WORK TO BE COMPLETED:
Output all of the records again, exactly as written.

DATASET EXTRACT:

definition valg_hom :: "'a valg \<Rightarrow> 'b valg \<Rightarrow> ('a \<Rightarrow> 'b) \<Rightarrow> bool" where
  "valg_hom V W h \<longleftrightarrow>
     (\<forall>x y. h (radd (vops V) x y) = radd (vops W) (h x) (h y)) \<and>
     h (rzero (vops V)) = rzero (vops W) \<and>
     (\<forall>x. h (rneg (vops V) x) = rneg (vops W) (h x)) \<and>
     (\<forall>r x. h (rscale (vops V) r x) = rscale (vops W) r (h x)) \<and>
     (\<forall>x y. h (rsup (vops V) x y) = rsup (vops W) (h x) (h y)) \<and>
     (\<forall>x y. h (rinf (vops V) x y) = rinf (vops W) (h x) (h y)) \<and>
     (\<forall>g f. h (vsupr V g f) = vsupr W (h g) (\<lambda>n. h (f n))) \<and>
     h (vone V) = vone W"

definition T_u :: "'a valg \<Rightarrow> 'a srsu" where
  "T_u V = \<lparr>sops = vops V, sunit = vone V\<rparr>"

definition E_u :: "'a srsu \<Rightarrow> 'a valg" where
  "E_u A = \<lparr>vops = sops A, vone = sunit A,
            vsupr = (\<lambda>g f. rSup (sops A) (range (\<lambda>n. rinf (sops A) (f n) g)))\<rparr>"

end

theory Submission
  imports Defs "HOL-Library.Lattice_Algebras"
begin

text \<open>A Dedekind \<open>\<sigma>\<close>-complete Riesz space is Archimedean, and this makes every
  \<open>x \<ge> 0\<close> the supremum of its truncations \<open>x \<sqinter> n e\<close> by a weak unit \<open>e\<close>: if all of
  them lie below \<open>y\<close>, then \<open>w = (x - x \<sqinter> y) \<sqinter> e\<close> satisfies \<open>n w \<le> x\<close> for all \<open>n\<close>, so
  \<open>w = 0\<close> and hence \<open>x \<sqinter> y = x\<close>. This is axiom (A4) for \<open>E\<^sub>u\<close>; (A1)--(A3) hold for any
  supremum operation. Conversely, (A1)--(A3) force \<open>\<Or>\<^sup>g f\<^sub>n\<close> to be the supremum of
  the \<open>f\<^sub>n \<sqinter> g\<close>, so every countable set bounded by \<open>g\<close> has a supremum; and (A4), applied to
  the positive part of \<open>-1\<close> and to elements disjoint from \<open>1\<close>, shows that \<open>1\<close> is a weak unit.
  Since \<open>\<Or>\<close> is thus determined by the order, \<open>T\<^sub>u\<close> and \<open>E\<^sub>u\<close> are mutually inverse, and
  the same description identifies preservation of countable suprema with preservation
  of \<open>\<Or>\<close>.\<close>

text \<open>\<open>rdiff\<close> and \<open>rless\<close> supply the parameters \<open>minus\<close> and \<open>less\<close> of the library's ordered
  group classes. \<open>rdiff\<close> must be a constant: with a \<open>\<lambda>\<close>-term as parameter the class simp rules
  relating \<open>a + - b\<close> and \<open>a - b\<close> loop.\<close>

definition rdiff :: "'a rops \<Rightarrow> 'a \<Rightarrow> 'a \<Rightarrow> 'a" where
  "rdiff R x y = radd R x (rneg R y)"

definition rless :: "'a rops \<Rightarrow> 'a \<Rightarrow> 'a \<Rightarrow> bool" where
  "rless R a b \<longleftrightarrow> rle R a b \<and> a \<noteq> b"

locale riesz =
  fixes R :: "'a rops"
  assumes riesz_space: "riesz_space R"
begin

abbreviation radd_syn (infixl "\<oplus>" 65) where "x \<oplus> y \<equiv> radd R x y"
abbreviation rdiff_syn (infixl "\<ominus>" 65) where "x \<ominus> y \<equiv> rdiff R x y"
abbreviation rscale_syn (infixr "\<odot>" 75) where "r \<odot> x \<equiv> rscale R r x"
abbreviation rinf_syn (infixl "\<sqinter>" 70) where "x \<sqinter> y \<equiv> rinf R x y"
abbreviation rsup_syn (infixl "\<squnion>" 65) where "x \<squnion> y \<equiv> rsup R x y"
abbreviation rle_syn (infix "\<preceq>" 50) where "x \<preceq> y \<equiv> rle R x y"
abbreviation rzero_syn ("\<zero>") where "\<zero> \<equiv> rzero R"

lemma
  shows radd_assoc: "x \<oplus> y \<oplus> z = x \<oplus> (y \<oplus> z)"
    and radd_commute: "x \<oplus> y = y \<oplus> x"
    and radd_zero_left: "\<zero> \<oplus> x = x"
    and radd_neg_left: "rneg R x \<oplus> x = \<zero>"
    and rscale_add_right: "a \<odot> (x \<oplus> y) = a \<odot> x \<oplus> a \<odot> y"
    and rscale_add_left: "(a + b) \<odot> x = a \<odot> x \<oplus> b \<odot> x"
    and rscale_rscale: "a \<odot> b \<odot> x = (a * b) \<odot> x"
    and rscale_one: "1 \<odot> x = x"
    and rsup_assoc: "x \<squnion> y \<squnion> z = x \<squnion> (y \<squnion> z)"
    and rinf_assoc: "x \<sqinter> y \<sqinter> z = x \<sqinter> (y \<sqinter> z)"
    and rsup_commute: "x \<squnion> y = y \<squnion> x"
    and rinf_commute: "x \<sqinter> y = y \<sqinter> x"
    and rsup_absorb_inf: "x \<squnion> x \<sqinter> y = x"
    and rinf_absorb_sup: "x \<sqinter> (x \<squnion> y) = x"
    and radd_right_mono: "x \<preceq> y \<Longrightarrow> x \<oplus> z \<preceq> y \<oplus> z"
    and rscale_nonneg: "0 \<le> a \<Longrightarrow> \<zero> \<preceq> x \<Longrightarrow> \<zero> \<preceq> a \<odot> x"
  using riesz_space unfolding riesz_space_def by auto

lemma rinf_idem: "x \<sqinter> x = x"
  by (metis rinf_absorb_sup rsup_absorb_inf)

lemma rle_iff_sup: "x \<preceq> y \<longleftrightarrow> x \<squnion> y = y"
  unfolding rle_def by (metis rinf_absorb_sup rsup_absorb_inf rinf_commute rsup_commute)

EXERCISE OUTPUT:
definition valg_hom :: "'a valg \<Rightarrow> 'b valg \<Rightarrow> ('a \<Rightarrow> 'b) \<Rightarrow> bool" where
  "valg_hom V W h \<longleftrightarrow>
     (\<forall>x y. h (radd (vops V) x y) = radd (vops W) (h x) (h y)) \<and>
     h (rzero (vops V)) = rzero (vops W) \<and>
     (\<forall>x. h (rneg (vops V) x) = rneg (vops W) (h x)) \<and>
     (\<forall>r x. h (rscale (vops V) r x) = rscale (vops W) r (h x)) \<and>
     (\<forall>x y. h (rsup (vops V) x y) = rsup (vops W) (h x) (h y)) \<and>
     (\<forall>x y. h (rinf (vops V) x y) = rinf (vops W) (h x) (h y)) \<and>
     (\<forall>g f. h (vsupr V g f) = vsupr W (h g) (\<lambda>n. h (f n))) \<and>
     h (vone V) = vone W"

definition T_u :: "'a valg \<Rightarrow> 'a srsu" where
  "T_u V = \<lparr>sops = vops V, sunit = vone V\<rparr>"

definition E_u :: "'a srsu \<Rightarrow> 'a valg" where
  "E_u A = \<lparr>vops = sops A, vone = sunit A,
            vsupr = (\<lambda>g f. rSup (sops A) (range (\<lambda>n. rinf (sops A) (f n) g)))\<rparr>"

end

theory Submission
  imports Defs "HOL-Library.Lattice_Algebras"
begin

text \<open>A Dedekind \<open>\<sigma>\<close>-complete Riesz space is Archimedean, and this makes every
  \<open>x \<ge> 0\<close> the supremum of its truncations \<open>x \<sqinter> n e\<close> by a weak unit \<open>e\<close>: if all of
  them lie below \<open>y\<close>, then \<open>w = (x - x \<sqinter> y) \<sqinter> e\<close> satisfies \<open>n w \<le> x\<close> for all \<open>n\<close>, so
  \<open>w = 0\<close> and hence \<open>x \<sqinter> y = x\<close>. This is axiom (A4) for \<open>E\<^sub>u\<close>; (A1)--(A3) hold for any
  supremum operation. Conversely, (A1)--(A3) force \<open>\<Or>\<^sup>g f\<^sub>n\<close> to be the supremum of
  the \<open>f\<^sub>n \<sqinter> g\<close>, so every countable set bounded by \<open>g\<close> has a supremum; and (A4), applied to
  the positive part of \<open>-1\<close> and to elements disjoint from \<open>1\<close>, shows that \<open>1\<close> is a weak unit.
  Since \<open>\<Or>\<close> is thus determined by the order, \<open>T\<^sub>u\<close> and \<open>E\<^sub>u\<close> are mutually inverse, and
  the same description identifies preservation of countable suprema with preservation
  of \<open>\<Or>\<close>.\<close>

text \<open>\<open>rdiff\<close> and \<open>rless\<close> supply the parameters \<open>minus\<close> and \<open>less\<close> of the library's ordered
  group classes. \<open>rdiff\<close> must be a constant: with a \<open>\<lambda>\<close>-term as parameter the class simp rules
  relating \<open>a + - b\<close> and \<open>a - b\<close> loop.\<close>

definition rdiff :: "'a rops \<Rightarrow> 'a \<Rightarrow> 'a \<Rightarrow> 'a" where
  "rdiff R x y = radd R x (rneg R y)"

definition rless :: "'a rops \<Rightarrow> 'a \<Rightarrow> 'a \<Rightarrow> bool" where
  "rless R a b \<longleftrightarrow> rle R a b \<and> a \<noteq> b"

locale riesz =
  fixes R :: "'a rops"
  assumes riesz_space: "riesz_space R"
begin

abbreviation radd_syn (infixl "\<oplus>" 65) where "x \<oplus> y \<equiv> radd R x y"
abbreviation rdiff_syn (infixl "\<ominus>" 65) where "x \<ominus> y \<equiv> rdiff R x y"
abbreviation rscale_syn (infixr "\<odot>" 75) where "r \<odot> x \<equiv> rscale R r x"
abbreviation rinf_syn (infixl "\<sqinter>" 70) where "x \<sqinter> y \<equiv> rinf R x y"
abbreviation rsup_syn (infixl "\<squnion>" 65) where "x \<squnion> y \<equiv> rsup R x y"
abbreviation rle_syn (infix "\<preceq>" 50) where "x \<preceq> y \<equiv> rle R x y"
abbreviation rzero_syn ("\<zero>") where "\<zero> \<equiv> rzero R"

lemma
  shows radd_assoc: "x \<oplus> y \<oplus> z = x \<oplus> (y \<oplus> z)"
    and radd_commute: "x \<oplus> y = y \<oplus> x"
    and radd_zero_left: "\<zero> \<oplus> x = x"
    and radd_neg_left: "rneg R x \<oplus> x = \<zero>"
    and rscale_add_right: "a \<odot> (x \<oplus> y) = a \<odot> x \<oplus> a \<odot> y"
    and rscale_add_left: "(a + b) \<odot> x = a \<odot> x \<oplus> b \<odot> x"
    and rscale_rscale: "a \<odot> b \<odot> x = (a * b) \<odot> x"
    and rscale_one: "1 \<odot> x = x"
    and rsup_assoc: "x \<squnion> y \<squnion> z = x \<squnion> (y \<squnion> z)"
    and rinf_assoc: "x \<sqinter> y \<sqinter> z = x \<sqinter> (y \<sqinter> z)"
    and rsup_commute: "x \<squnion> y = y \<squnion> x"
    and rinf_commute: "x \<sqinter> y = y \<sqinter> x"
    and rsup_absorb_inf: "x \<squnion> x \<sqinter> y = x"
    and rinf_absorb_sup: "x \<sqinter> (x \<squnion> y) = x"
    and radd_right_mono: "x \<preceq> y \<Longrightarrow> x \<oplus> z \<preceq> y \<oplus> z"
    and rscale_nonneg: "0 \<le> a \<Longrightarrow> \<zero> \<preceq> x \<Longrightarrow> \<zero> \<preceq> a \<odot> x"
  using riesz_space unfolding riesz_space_def by auto

lemma rinf_idem: "x \<sqinter> x = x"
  by (metis rinf_absorb_sup rsup_absorb_inf)

lemma rle_iff_sup: "x \<preceq> y \<longleftrightarrow> x \<squnion> y = y"
  unfolding rle_def by (metis rinf_absorb_sup rsup_absorb_inf rinf_commute rsup_commute)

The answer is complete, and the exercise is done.